• What you are asked to do
Copy each line below that has "sqrt".

————————

(* Let $d,m,p,n\ge 1$ and let $\{g_{ij}:1\le i\le m,1\le j\le p\}$ be fixed functions $\mathbb{R}^d\to\mathbb{R}$. Fix $\mathbf{X}=[\mathbf{x}_1,\dots,\mathbf{x}_n]^\top\in\mathbb{R}^{n\times d}$. Let $0<v\le 2$ and $r,s>0$ with $1/r+1/s=1$, and let $b_{m,p,n},c_{m,p,n}>0$. Let $\mathcal{F}$ be the class of maps $\boldsymbol{\Psi}=(\psi_1,\dots,\psi_m):\mathbb{R}^d\to\mathbb{R}^m$ of the form $\psi_i(\mathbf{x})=\sum_{j=1}^p\beta_{ij}g_{ij}(\mathbf{x})$ with coefficient matrix $\mathbf{B}=(\beta_{ij})\in\mathbb{R}^{m\times p}$ satisfying $\|\mathbf{B}\|_r=(\sum_{i,j}|\beta_{ij}|^r)^{1/r}\le b_{m,p,n}$, and assume $\|\mathbf{G}(\mathbf{X})\|_{v,s}\le c_{m,p,n}$, where $\mathbf{G}(\mathbf{X})=(g_{ij}(\mathbf{x}_k))\in\mathbb{R}^{m\times p\times n}$ and $\|\mathbf{G}(\mathbf{X})\|_{v,s}=\big\{\sum_{i=1}^m\sum_{j=1}^p\big(\sum_{k=1}^n|g_{ij}(\mathbf{x}_k)|^v\big)^{s/v}\big\}^{1/s}$. Then for every $\epsilon>0$, $$\log\mathcal{N}\big(\{\boldsymbol{\Psi}(\mathbf{X})\in\mathbb{R}^{n\times m}:\boldsymbol{\Psi}\in\mathcal{F}\},\epsilon,\|\cdot\|_2\big)\le \frac{b_{m,p,n}^2c_{m,p,n}^2}{\epsilon^2}\log(2mp).$$
   Context: $\boldsymbol{\Psi}(\mathbf{X})=[\boldsymbol{\Psi}(\mathbf{x}_1),\dots,\boldsymbol{\Psi}(\mathbf{x}_n)]^\top$. $\|A\|_2$ denotes the Frobenius norm of a matrix $A$. Proper covering number: $\mathcal{N}(\mathcal{U},\epsilon,\|\cdot\|)$ is the smallest cardinality of a subset $\mathcal{V}\subseteq\mathcal{U}$ such that every $u\in\mathcal{U}$ has some $v\in\mathcal{V}$ with $\|u-v\|\le\epsilon$. *)

theory Defs
  imports "HOL-Analysis.Analysis"
begin

definition covering_number :: "('a \<Rightarrow> 'a \<Rightarrow> real) \<Rightarrow> 'a set \<Rightarrow> real \<Rightarrow> nat" where
  "covering_number dst U eps =
     Inf {card V | V. finite V \<and> V \<subseteq> U \<and> (\<forall>u\<in>U. \<exists>v\<in>V. dst u v \<le> eps)}"

text \<open>n x m real matrices represented as functions nat => nat => real (entries k<n, i<m);
  Frobenius distance.\<close>
definition frob_dist :: "nat \<Rightarrow> nat \<Rightarrow> (nat \<Rightarrow> nat \<Rightarrow> real) \<Rightarrow> (nat \<Rightarrow> nat \<Rightarrow> real) \<Rightarrow> real" where
  "frob_dist n m A C = sqrt (\<Sum>k<n. \<Sum>i<m. (A k i - C k i)^2)"

definition entry_norm :: "real \<Rightarrow> nat \<Rightarrow> nat \<Rightarrow> (nat \<Rightarrow> nat \<Rightarrow> real) \<Rightarrow> real" where
  "entry_norm r m p B = (\<Sum>i<m. \<Sum>j<p. \<bar>B i j\<bar> powr r) powr (1 / r)"

definition G_norm :: "real \<Rightarrow> real \<Rightarrow> nat \<Rightarrow> nat \<Rightarrow> nat \<Rightarrow>
    (nat \<Rightarrow> nat \<Rightarrow> 'x \<Rightarrow> real) \<Rightarrow> (nat \<Rightarrow> 'x) \<Rightarrow> real" where
  "G_norm v s m p n g X =
     (\<Sum>i<m. \<Sum>j<p. (\<Sum>k<n. \<bar>g i j (X k)\<bar> powr v) powr (s / v)) powr (1 / s)"

definition Psi_mat :: "nat \<Rightarrow> nat \<Rightarrow> nat \<Rightarrow> (nat \<Rightarrow> nat \<Rightarrow> 'x \<Rightarrow> real) \<Rightarrow>
    (nat \<Rightarrow> 'x) \<Rightarrow> (nat \<Rightarrow> nat \<Rightarrow> real) \<Rightarrow> (nat \<Rightarrow> nat \<Rightarrow> real)" where
  "Psi_mat m p n g X B = (\<lambda>k i. if k < n \<and> i < m then (\<Sum>j<p. B i j * g i j (X k)) else 0)"

end

theory Submission
  imports Defs
begin

text \<open>Every \<open>\<Psi>(X)\<close> is \<open>b c\<close> times a convex combination of the \<open>2mp\<close> unit matrices
  \<open>\<plusminus>G\<^sub>i\<^sub>j(X) / \<parallel>G\<^sub>i\<^sub>j(X)\<parallel>\<^sub>2\<close>: by H\<ouml>lder's inequality the total weight is at most
  \<open>\<parallel>B\<parallel>\<^sub>r\<close> times the \<open>s\<close>-norm of the column norms, and \<open>\<parallel>\<cdot>\<parallel>\<^sub>2 \<le> \<parallel>\<cdot>\<parallel>\<^sub>v\<close> for \<open>v \<le> 2\<close>.
  Maurey's empirical method then approximates each such point within \<open>b c / (\<surd>K + 1) < \<epsilon>\<close>
  by a scaled average of \<open>K = \<lfloor>b\<^sup>2c\<^sup>2/\<epsilon>\<^sup>2\<rfloor>\<close> atoms, so \<open>(2mp)\<^sup>K\<close> centres suffice. Since the
  class is convex, approximate projections of these centres onto it give a proper
  \<open>\<epsilon>\<close>-cover of the same size.\<close>

definition frob_inner :: "nat \<Rightarrow> nat \<Rightarrow> (nat \<Rightarrow> nat \<Rightarrow> real) \<Rightarrow> (nat \<Rightarrow> nat \<Rightarrow> real) \<Rightarrow> real" where
  "frob_inner n m A B = (\<Sum>k<n. \<Sum>i<m. A k i * B k i)"

definition frob_sq :: "nat \<Rightarrow> nat \<Rightarrow> (nat \<Rightarrow> nat \<Rightarrow> real) \<Rightarrow> real" where
  "frob_sq n m A = (\<Sum>k<n. \<Sum>i<m. (A k i)^2)"

definition mat_convex :: "(nat \<Rightarrow> nat \<Rightarrow> real) set \<Rightarrow> bool" where
  "mat_convex U \<longleftrightarrow>
     (\<forall>x\<in>U. \<forall>y\<in>U. \<forall>t. 0 \<le> t \<and> t \<le> 1 \<longrightarrow> (\<lambda>k i. (1 - t) * x k i + t * y k i) \<in> U)"

lemma frob_dist_eq_sqrt_frob_sq: "frob_dist n m A C = sqrt (frob_sq n m (\<lambda>k i. A k i - C k i))"
  by (simp add: frob_dist_def frob_sq_def)

lemma frob_sq_nonneg: "frob_sq n m A \<ge> 0"
  unfolding frob_sq_def by (intro sum_nonneg) auto

lemma frob_sq_cong:
  "(\<And>k i. k < n \<Longrightarrow> i < m \<Longrightarrow> A k i = B k i) \<Longrightarrow> frob_sq n m A = frob_sq n m B"
  unfolding frob_sq_def by (intro sum.cong refl) auto

lemma frob_sq_diff:
  "frob_sq n m (\<lambda>k i. A k i - t * B k i)
     = frob_sq n m A - 2 * t * frob_inner n m A B + t^2 * frob_sq n m B"
  unfolding frob_sq_def frob_inner_def
  by (simp add: power2_diff sum_subtractf sum.distrib sum_distrib_left algebra_simps power_mult_distrib)

lemma frob_sq_scale: "frob_sq n m (\<lambda>k i. t * A k i) = t^2 * frob_sq n m A"
  unfolding frob_sq_def by (simp add: sum_distrib_left power_mult_distrib)

lemma frob_inner_commute: "frob_inner n m A B = frob_inner n m B A"
  unfolding frob_inner_def by (simp add: mult.commute)

section \<open>Maurey's empirical method\<close>

lemma weighted_sum_square_diff:
  fixes p V :: "'z \<Rightarrow> real"
  assumes "finite Z" "sum p Z = 1"
  shows "(\<Sum>z\<in>Z. p z * (w - t * V z)^2) =
    (w - t * (\<Sum>z\<in>Z. p z * V z))^2 + t^2 * ((\<Sum>z\<in>Z. p z * (V z)^2) - (\<Sum>z\<in>Z. p z * V z)^2)"
proof -
  have "(\<Sum>z\<in>Z. p z * (w - t * V z)^2)
      = (\<Sum>z\<in>Z. p z * w^2 - 2*t*w*(p z * V z) + t^2 * (p z * (V z)^2))"
    by (intro sum.cong refl) (simp add: power2_diff algebra_simps power_mult_distrib)
  also have "\<dots> = w^2 * sum p Z - 2*t*w*(\<Sum>z\<in>Z. p z * V z) + t^2 * (\<Sum>z\<in>Z. p z * (V z)^2)"
    by (simp add: sum_subtractf sum.distrib sum_distrib_left sum_distrib_right algebra_simps)
  finally show ?thesis using assms by (simp add: power2_diff algebra_simps power_mult_distrib)
qed

lemma frob_sq_bias_variance:
  fixes p :: "'z \<Rightarrow> real"
  assumes "finite Z" "sum p Z = 1"
  shows "(\<Sum>z\<in>Z. p z * frob_sq n m (\<lambda>k i. w k i - t * V z k i)) =
    frob_sq n m (\<lambda>k i. w k i - t * (\<Sum>z\<in>Z. p z * V z k i))
    + t^2 * ((\<Sum>z\<in>Z. p z * frob_sq n m (V z)) - frob_sq n m (\<lambda>k i. \<Sum>z\<in>Z. p z * V z k i))"
proof -
  have swap: "(\<Sum>z\<in>Z. p z * frob_sq n m (F z)) = (\<Sum>k<n. \<Sum>i<m. \<Sum>z\<in>Z. p z * (F z k i)^2)" for F
    unfolding frob_sq_def sum_distrib_left
    by (subst sum.swap, rule sum.cong, simp, subst sum.swap, simp)
  have "(\<Sum>z\<in>Z. p z * frob_sq n m (\<lambda>k i. w k i - t * V z k i))
      = (\<Sum>k<n. \<Sum>i<m. (w k i - t * (\<Sum>z\<in>Z. p z * V z k i))^2 +
          t^2 * ((\<Sum>z\<in>Z. p z * (V z k i)^2) - (\<Sum>z\<in>Z. p z * V z k i)^2))"
    unfolding swap using weighted_sum_square_diff[OF assms] by simp
  also have "\<dots> = frob_sq n m (\<lambda>k i. w k i - t * (\<Sum>z\<in>Z. p z * V z k i))
      + t^2 * ((\<Sum>k<n. \<Sum>i<m. \<Sum>z\<in>Z. p z * (V z k i)^2) - frob_sq n m (\<lambda>k i. \<Sum>z\<in>Z. p z * V z k i))"
    unfolding frob_sq_def by (simp add: sum.distrib sum_subtractf sum_distrib_left right_diff_distrib)
  finally show ?thesis unfolding swap .
qed

lemma frob_sq_convex_combination_le:
  fixes p :: "'z \<Rightarrow> real"
  assumes "finite Z" "\<forall>z\<in>Z. p z \<ge> 0" "sum p Z = 1"
  shows "frob_sq n m (\<lambda>k i. \<Sum>z\<in>Z. p z * V z k i) \<le> (\<Sum>z\<in>Z. p z * frob_sq n m (V z))"
proof -
  let ?M = "\<lambda>k i. \<Sum>z\<in>Z. p z * V z k i"
  have "0 \<le> (\<Sum>z\<in>Z. p z * frob_sq n m (\<lambda>k i. ?M k i - 1 * V z k i))"
    using assms(2) by (intro sum_nonneg mult_nonneg_nonneg frob_sq_nonneg) auto
  also have "\<dots> = frob_sq n m (\<lambda>k i. ?M k i - 1 * ?M k i)
      + 1^2 * ((\<Sum>z\<in>Z. p z * frob_sq n m (V z)) - frob_sq n m ?M)"
    by (rule frob_sq_bias_variance[OF assms(1,3)])
  finally show ?thesis by (simp add: frob_sq_def)
qed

————————

• Result
  "frob_dist n m A C = sqrt (\<Sum>k<n. \<Sum>i<m. (A k i - C k i)^2)"
lemma frob_dist_eq_sqrt_frob_sq: "frob_dist n m A C = sqrt (frob_sq n m (\<lambda>k i. A k i - C k i))"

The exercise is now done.